* **What is expected**
What lines of the data hold the string "close"? Copy them all.

* **Working data**
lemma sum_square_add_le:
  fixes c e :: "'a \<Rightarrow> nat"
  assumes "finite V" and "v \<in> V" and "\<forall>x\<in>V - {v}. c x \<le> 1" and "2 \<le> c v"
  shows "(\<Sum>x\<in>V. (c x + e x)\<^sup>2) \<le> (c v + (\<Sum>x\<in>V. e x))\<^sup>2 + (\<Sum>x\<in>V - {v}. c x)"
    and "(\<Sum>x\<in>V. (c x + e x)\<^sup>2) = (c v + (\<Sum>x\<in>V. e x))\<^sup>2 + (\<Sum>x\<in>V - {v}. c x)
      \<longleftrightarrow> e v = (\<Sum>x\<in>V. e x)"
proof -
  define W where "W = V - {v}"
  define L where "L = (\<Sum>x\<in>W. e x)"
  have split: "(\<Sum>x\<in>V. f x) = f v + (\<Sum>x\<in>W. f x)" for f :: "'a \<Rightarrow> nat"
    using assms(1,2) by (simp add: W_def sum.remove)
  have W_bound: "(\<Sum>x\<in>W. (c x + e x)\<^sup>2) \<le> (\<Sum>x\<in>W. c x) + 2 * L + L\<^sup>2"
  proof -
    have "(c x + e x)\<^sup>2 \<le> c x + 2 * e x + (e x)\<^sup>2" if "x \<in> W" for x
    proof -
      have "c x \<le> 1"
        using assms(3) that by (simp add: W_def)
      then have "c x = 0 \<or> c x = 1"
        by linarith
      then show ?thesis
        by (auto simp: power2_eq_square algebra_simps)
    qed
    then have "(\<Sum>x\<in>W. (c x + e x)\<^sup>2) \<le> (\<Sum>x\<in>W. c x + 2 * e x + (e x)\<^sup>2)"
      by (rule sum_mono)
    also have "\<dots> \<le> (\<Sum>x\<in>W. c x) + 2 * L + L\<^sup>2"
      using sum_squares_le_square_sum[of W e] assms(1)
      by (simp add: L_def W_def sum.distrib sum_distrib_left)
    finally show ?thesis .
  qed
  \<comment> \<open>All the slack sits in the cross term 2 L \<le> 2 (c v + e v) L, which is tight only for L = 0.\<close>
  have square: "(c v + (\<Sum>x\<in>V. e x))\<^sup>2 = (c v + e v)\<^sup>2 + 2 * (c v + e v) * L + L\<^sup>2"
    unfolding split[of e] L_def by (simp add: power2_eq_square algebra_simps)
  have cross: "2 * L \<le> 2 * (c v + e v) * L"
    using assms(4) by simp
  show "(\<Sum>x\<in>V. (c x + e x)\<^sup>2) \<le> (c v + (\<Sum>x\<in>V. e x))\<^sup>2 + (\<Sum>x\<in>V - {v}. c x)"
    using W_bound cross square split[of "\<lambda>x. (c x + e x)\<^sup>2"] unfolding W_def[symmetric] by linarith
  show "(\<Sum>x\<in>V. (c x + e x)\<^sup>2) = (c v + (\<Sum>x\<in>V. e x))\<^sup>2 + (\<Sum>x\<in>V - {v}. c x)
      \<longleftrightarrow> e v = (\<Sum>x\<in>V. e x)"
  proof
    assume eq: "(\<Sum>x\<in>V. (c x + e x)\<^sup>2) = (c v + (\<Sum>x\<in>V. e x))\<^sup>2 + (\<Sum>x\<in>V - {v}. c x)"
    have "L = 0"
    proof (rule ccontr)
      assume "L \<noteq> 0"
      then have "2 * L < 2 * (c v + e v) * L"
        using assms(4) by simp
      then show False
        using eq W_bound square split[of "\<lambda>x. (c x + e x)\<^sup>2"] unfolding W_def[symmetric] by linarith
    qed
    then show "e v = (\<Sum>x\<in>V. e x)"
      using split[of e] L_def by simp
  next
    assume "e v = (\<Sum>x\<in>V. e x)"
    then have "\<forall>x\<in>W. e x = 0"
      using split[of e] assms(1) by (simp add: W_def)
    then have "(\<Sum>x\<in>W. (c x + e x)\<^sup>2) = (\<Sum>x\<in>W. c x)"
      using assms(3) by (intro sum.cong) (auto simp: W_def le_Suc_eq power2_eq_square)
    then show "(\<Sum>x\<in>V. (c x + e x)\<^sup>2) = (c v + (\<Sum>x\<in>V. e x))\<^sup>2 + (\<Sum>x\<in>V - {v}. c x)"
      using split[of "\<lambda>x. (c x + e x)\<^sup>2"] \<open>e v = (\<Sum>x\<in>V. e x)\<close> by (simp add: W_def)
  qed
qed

* **Exercise solution**
  \<comment> \<open>All the slack sits in the cross term 2 L \<le> 2 (c v + e v) L, which is tight only for L = 0.\<close>
      using split[of "\<lambda>x. (c x + e x)\<^sup>2"] \<open>e v = (\<Sum>x\<in>V. e x)\<close> by (simp add: W_def)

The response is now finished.